By Ashley Shepherd
Fred Loveday, left home at the age of 13. He left seeking work and got a job as a bellhop at a hotel in Gatlinburg, and he quickly learned as a young boy how to have a good work ethic. He loved his hometown and looked for successful people to form relationships with, because he knew there was so much opportunity in our area. Mr. James McAfee gave him a job at one of his businesses. My Papaw knew the value of working hard, building relationships, and giving back through the life of Mr. McAfee.
Papaw married Reba Wilson, and they quickly grew their family and developed roots in the area. He continued to work hard and eventually became a very successful businessman owning 2 hotels, a partner at Rockin’ Raceway, Riverside RV Park, and a mini storage as well as lots of properties. This man, the one with a 3rd grade education, caused a ripple effect that was more valuable than money or success. He raised his family to love Jesus and invested in so many lives by giving back to the community. The blessing of this was passed down to my mother and father, Kent and Teresa Loveday. They began managing Riverside RV Park when I was 6 years old and my papaw mentored them on how to successfully grow a business but most importantly, how to influence people.
When my Papaw passed away, it left a huge hole in not just my heart, but also the community’s heart. New Hope Church was packed wall-to-wall with lives he touched. My parents picked up my Papaw’s legacy of growing Riverside RV Park into a place where people would feel God’s Presence when they entered the property. They made sure to value relationships first. Papaw proved that the opportunity to love and serve others through businesses in our area was like none other; he would always tell us it’s our own mission field where people come to us. My parents took great pride in continuing his legacy of being a difference maker in every life they came in contact with.
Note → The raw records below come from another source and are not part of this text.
lemma wardrop_add_potential_toll_iff:
  assumes "\<forall>p\<in>P. is_walk src tgt orig p dest"
  shows "wardrop P (\<lambda>e x. c e x + (\<pi> (tgt e) - \<pi> (src e))) \<mu> f \<longleftrightarrow> wardrop P c \<mu> f"
proof -
  have "path_cost P (\<lambda>e x. c e x + (\<pi> (tgt e) - \<pi> (src e))) f p
      = path_cost P c f p + (\<pi> dest - \<pi> orig)" if "p \<in> P" for p
    using assms that unfolding path_cost_def by (simp add: sum_list_addf walk_sum_potential_diff)
  then show ?thesis unfolding wardrop_def by auto
qed

lemma times_rpow_tangent:
  fixes x y \<beta> :: real
  assumes "x \<ge> 0" "y \<ge> 0" "\<beta> \<ge> 0"
  shows "x * rpow x \<beta> + (1 + \<beta>) * rpow x \<beta> * (y - x) \<le> y * rpow y \<beta>"
proof (cases "\<beta> = 0")
  case True
  then show ?thesis by (simp add: rpow_def)
next
  case False
  then have b: "\<beta> > 0" using assms by simp
  define q where "q = (1 + \<beta>) / \<beta>"
  have "y * x powr \<beta> \<le> y powr (1 + \<beta>) / (1 + \<beta>) + (x powr \<beta>) powr q / q"
    by (rule Youngs_inequality) (use b assms in \<open>auto simp: q_def field_simps\<close>)
  moreover have "(x powr \<beta>) powr q = x powr (1 + \<beta>)"
    using b by (simp add: powr_powr q_def)
  ultimately have "y * x powr \<beta> \<le> y powr (1 + \<beta>) / (1 + \<beta>) + x powr (1 + \<beta>) * (\<beta> / (1 + \<beta>))"
    by (simp add: q_def)
  then have "(1 + \<beta>) * (y * x powr \<beta>)
      \<le> (1 + \<beta>) * (y powr (1 + \<beta>) / (1 + \<beta>) + x powr (1 + \<beta>) * (\<beta> / (1 + \<beta>)))"
    using b by (intro mult_left_mono) auto
  also have "\<dots> = y powr (1 + \<beta>) + \<beta> * x powr (1 + \<beta>)"
    using b by (simp add: distrib_left)
  finally have "(1 + \<beta>) * (y * x powr \<beta>) \<le> y powr (1 + \<beta>) + \<beta> * x powr (1 + \<beta>)" .
  moreover have "x * x powr \<beta> = x powr (1 + \<beta>)" "y * y powr \<beta> = y powr (1 + \<beta>)"
    using assms by (simp_all add: powr_add)
  ultimately show ?thesis using False unfolding rpow_def by (simp add: algebra_simps)
qed

lemma bpr_cost_marginal_tangent:
  assumes "x \<ge> 0" "y \<ge> 0" "\<beta> \<ge> 0" "a e \<ge> 0"
  shows "(1 + \<beta>) * bpr_cost (\<lambda>e. t e / (1 + \<beta>)) a \<beta> e x * (y - x)
    \<le> bpr_cost t a \<beta> e y * y - bpr_cost t a \<beta> e x * x"
proof -
  have "a e * (x * rpow x \<beta> + (1 + \<beta>) * rpow x \<beta> * (y - x)) \<le> a e * (y * rpow y \<beta>)"
    using times_rpow_tangent[OF assms(1-3)] assms(4) by (rule mult_left_mono)
  moreover have "(1 + \<beta>) * bpr_cost (\<lambda>e. t e / (1 + \<beta>)) a \<beta> e x = t e + (1 + \<beta>) * a e * rpow x \<beta>"
    using assms(3) unfolding bpr_cost_def by (simp add: distrib_left)
  ultimately show ?thesis
    unfolding bpr_cost_def by (simp add: algebra_simps)
qed

lemma bpr_sum_edge_cost_le_if_marginal_ineq:
  fixes x y :: "'e \<Rightarrow> real"
  assumes "\<beta> \<ge> 0" "\<forall>e\<in>E. a e \<ge> 0" "\<forall>e. x e \<ge> 0" "\<forall>e. y e \<ge> 0"
    and "(\<Sum>e\<in>E. bpr_cost (\<lambda>e. t e / (1 + \<beta>)) a \<beta> e (x e) * x e)
      \<le> (\<Sum>e\<in>E. bpr_cost (\<lambda>e. t e / (1 + \<beta>)) a \<beta> e (x e) * y e)"
  shows "(\<Sum>e\<in>E. bpr_cost t a \<beta> e (x e) * x e) \<le> (\<Sum>e\<in>E. bpr_cost t a \<beta> e (y e) * y e)"
proof -
  let ?m = "\<lambda>e. (1 + \<beta>) * bpr_cost (\<lambda>e. t e / (1 + \<beta>)) a \<beta> e (x e) * (y e - x e)"
  have "0 \<le> (1 + \<beta>) * ((\<Sum>e\<in>E. bpr_cost (\<lambda>e. t e / (1 + \<beta>)) a \<beta> e (x e) * y e)
      - (\<Sum>e\<in>E. bpr_cost (\<lambda>e. t e / (1 + \<beta>)) a \<beta> e (x e) * x e))"
    using assms(1,5) by simp
  also have "\<dots> = (\<Sum>e\<in>E. ?m e)"
    by (simp add: sum_distrib_left sum_subtractf[symmetric] algebra_simps)
  also have "\<dots> \<le> (\<Sum>e\<in>E. bpr_cost t a \<beta> e (y e) * y e - bpr_cost t a \<beta> e (x e) * x e)"
    using assms(1-4) by (intro sum_mono bpr_cost_marginal_tangent) auto
  finally show ?thesis by (simp add: sum_subtractf)
qed

lemma bpr_potential_marginal_toll_is_DIOT:
  fixes \<pi> :: "'v \<Rightarrow> real"
  assumes "finite E" "\<beta> \<ge> 0" "\<forall>e\<in>E. a e \<ge> 0"
    and \<tau>: "\<And>e. \<tau> e = \<pi> (tgt e) - \<pi> (src e) - \<beta> / (1 + \<beta>) * t e"
  shows "is_DIOT (od_paths E src tgt orig dest) (bpr_cost t a \<beta>) \<tau>"
  unfolding is_DIOT_def
proof (intro allI impI)
  fix \<mu> :: real and f
  let ?P = "od_paths E src tgt orig dest"
  define c' where "c' = bpr_cost (\<lambda>e. t e / (1 + \<beta>)) a \<beta>"
  have finP: "finite ?P"
    using assms(1) by (rule finite_od_paths)
  have PE: "\<forall>p\<in>?P. set p \<subseteq> E \<and> distinct p" and PW: "\<forall>p\<in>?P. is_walk src tgt orig p dest"
    by (simp_all add: od_pathsD)
  have "bpr_cost t a \<beta> e x + \<tau> e = c' e x + (\<pi> (tgt e) - \<pi> (src e))" for e x
  proof -
    have "t e / (1 + \<beta>) = t e - \<beta> / (1 + \<beta>) * t e"
      using assms(2) by (simp add: field_simps)
    then show ?thesis unfolding \<tau> c'_def bpr_cost_def by linarith
  qed
  moreover assume "wardrop ?P (\<lambda>e x. bpr_cost t a \<beta> e x + \<tau> e) \<mu> f"
  ultimately have W: "wardrop ?P c' \<mu> f"
    using wardrop_add_potential_toll_iff[OF PW] by simp
  then have ff: "feasible ?P \<mu> f" unfolding wardrop_def by blast
  show "system_optimum ?P (bpr_cost t a \<beta>) \<mu> f"
    unfolding system_optimum_def
  proof (intro conjI allI impI ff)
    fix g assume fg: "feasible ?P \<mu> g"
    have "(\<Sum>e\<in>E. c' e (load ?P f e) * load ?P f e) \<le> (\<Sum>e\<in>E. c' e (load ?P f e) * load ?P g e)"
      using wardrop_variational_ineq[OF finP W fg]
      unfolding total_cost_eq_sum_edges[OF finP assms(1) PE] path_cost_def
        sum_path_weight_eq_sum_load[OF finP assms(1) PE] .
    then show "total_cost ?P (bpr_cost t a \<beta>) f \<le> total_cost ?P (bpr_cost t a \<beta>) g"
      using ff fg assms(2,3) unfolding total_cost_eq_sum_edges[OF finP assms(1) PE] c'_def
      by (intro bpr_sum_edge_cost_le_if_marginal_ineq) (auto simp: feasible_def load_nonneg)
  qed
qed

lemma path_toll_nonneg:
  fixes t :: "'e \<Rightarrow> real"
  assumes "finite E" "\<beta> \<ge> 0" "\<forall>e\<in>E. t e \<ge> 0"
    and p: "p \<in> od_paths E src tgt orig dest"
    and \<tau>: "\<And>e. \<tau> e = \<pi> (tgt e) - \<pi> (src e) - \<beta> / (1 + \<beta>) * t e"
    and \<pi>: "\<And>v. \<pi> v = (if v = dest then \<beta> / (1 + \<beta>) * sum t E else 0)"
  shows "(\<Sum>e\<leftarrow>p. \<tau> e) \<ge> 0"
proof (cases "orig = dest")
  case True
  then have "p = []" using p od_paths_closed_Nil by metis
  then show ?thesis by simp
next
  case False
  have "(\<Sum>e\<leftarrow>p. \<tau> e) = \<beta> / (1 + \<beta>) * (sum t E - sum t (set p))"
    using False od_pathsD[OF p] walk_sum_potential_diff[of src tgt orig p dest \<pi>]
    unfolding \<tau> \<pi> by (simp add: sum_list_subtractf sum_list_const_mult
      sum_list_distinct_conv_sum_set right_diff_distrib
      sum_divide_distrib[symmetric] sum_distrib_left[symmetric])
  moreover have "sum t (set p) \<le> sum t E"
    using assms(1,3) od_pathsD(1)[OF p] by (intro sum_mono2) auto
  ultimately show ?thesis using assms(2) by simp
qed

theorem corollary10:
  fixes E :: "'e set" and src tgt :: "'e \<Rightarrow> 'v" and orig dest :: 'v
    and t a :: "'e \<Rightarrow> real" and \<beta> :: real
  assumes "finite E"
    and "\<beta> \<ge> 0"
    and "\<forall>e\<in>E. t e \<ge> 0 \<and> a e \<ge> 0"
  shows "\<exists>\<tau> :: 'e \<Rightarrow> real.
           is_DIOT (od_paths E src tgt orig dest) (bpr_cost t a \<beta>) \<tau> \<and>
           (\<forall>\<mu> f. feasible (od_paths E src tgt orig dest) \<mu> f \<longrightarrow>
              (\<Sum>e\<in>E. \<tau> e * load (od_paths E src tgt orig dest) f e) \<ge> 0)"
proof -
  let ?P = "od_paths E src tgt orig dest"
  define \<pi> where "\<pi> v = (if v = dest then \<beta> / (1 + \<beta>) * sum t E else 0)" for v
  define \<tau> where "\<tau> e = \<pi> (tgt e) - \<pi> (src e) - \<beta> / (1 + \<beta>) * t e" for e
  have "is_DIOT ?P (bpr_cost t a \<beta>) \<tau>"
    using assms by (intro bpr_potential_marginal_toll_is_DIOT[where \<pi> = \<pi>]) (auto simp: \<tau>_def)
  moreover have "(\<Sum>e\<in>E. \<tau> e * load ?P f e) \<ge> 0" if ff: "feasible ?P \<mu> f" for \<mu> f
  proof -
    have "(\<Sum>e\<in>E. \<tau> e * load ?P f e) = (\<Sum>p\<in>?P. f p * (\<Sum>e\<leftarrow>p. \<tau> e))"
      by (intro sum_path_weight_eq_sum_load[symmetric] finite_od_paths assms(1))
        (blast dest: od_pathsD)
    also have "\<dots> \<ge> 0"
      using ff assms unfolding feasible_def
      by (intro sum_nonneg mult_nonneg_nonneg path_toll_nonneg[OF _ _ _ _ \<tau>_def \<pi>_def]) auto
    finally show ?thesis .
  qed
  ultimately show ?thesis by blast
qed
My daddy preaches every Sunday at Riverside. He calls it the “Church without walls,” and my parents quickly realized the impact it was making on their mission field. In 2006 they started a non-profit called Riverside Mission. They regularly fund Sevier County Food Ministries, and through their faithfulness, God has expanded their influence to help Hope House Orphanage in San Pedro Sula, Honduras since 2004. When the fires happened in the fall of 2016, Riverside Mission helped raise over $30,000 to help fire victims with housing and supplies. My parents are always searching for ways to love and serve in our area.
I can only imagine my Papaw looking down, thankful his legacy of loving people is still alive today. We have shared the story of their great Papaw Fred leaving his house at age 13 to his 6 great grand children in hopes to carry on his ripple effect. It only takes one person to smile, encourage, and love to change another person’s life. We have an incredible opportunity to impact thousands of lives from all over the world in our small town of Sevier County. In the words of my papaw Fred, be kind and show God’s love to everyone you meet.